_DESCRIPTION OF THE TASK_. Find where "by (simp add: euler_product_eq_sum" appears in the records below, then return that line and every later line exactly, stopping only at the last line.

[Collected data entries]
lemma sum_inverse_multiples_le:
  assumes "d > 0"
  shows "(\<Sum>n\<in>{n\<in>{1..K}. d dvd n}. 1 / real n) \<le> harm K / real d"
proof -
  let ?M = "(\<lambda>m. d * m) -` {1..K}"
  have M: "?M \<subseteq> {1..K}"
  proof
    fix m assume "m \<in> ?M"
    then have "1 \<le> d * m" "d * m \<le> K"
      by auto
    moreover have "m \<le> d * m"
      using assms by simp
    ultimately show "m \<in> {1..K}"
      by (cases m) auto
  qed
  have "(\<Sum>n\<in>{n\<in>{1..K}. d dvd n}. 1 / real n) = (\<Sum>m\<in>?M. 1 / real m) / real d"
    unfolding sum_multiples_eq[OF assms] sum_divide_distrib by (intro sum.cong refl) simp
  also have "\<dots> \<le> (\<Sum>m=1..K. 1 / real m) / real d"
    using M by (intro divide_right_mono sum_mono2) auto
  also have "\<dots> = harm K / real d"
    by (simp add: harm_def inverse_eq_divide)
  finally show ?thesis .
qed

lemma sum_inverse_totient_le: "(\<Sum>n=1..K. 1 / real (totient n)) \<le> euler_product K * harm K"
proof -
  let ?Q = "Pow {p. prime p \<and> p \<le> K}"
  have "(\<Sum>n=1..K. 1 / real (totient n)) = (\<Sum>n=1..K. 1 / real n * (real n / real (totient n)))"
    by (intro sum.cong refl) auto
  also have "\<dots> = (\<Sum>S\<in>?Q. prime_set_weight S * (\<Sum>n\<in>{n\<in>{1..K}. \<Prod>S dvd n}. 1 / real n))"
    by (rule sum_mult_ratio_totient_eq) auto
  also have "\<dots> \<le> (\<Sum>S\<in>?Q. prime_set_weight S * (harm K / real (\<Prod>S)))"
    by (intro sum_mono mult_left_mono sum_inverse_multiples_le prime_set_weight_nonneg)
      (auto dest: subset_primes_leD)
  also have "\<dots> = euler_product K * harm K"
    by (simp add: euler_product_eq_sum sum_distrib_right)
  finally show ?thesis .
qed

_WRITTEN ANSWER_.
    by (simp add: euler_product_eq_sum sum_distrib_right)
  finally show ?thesis .
qed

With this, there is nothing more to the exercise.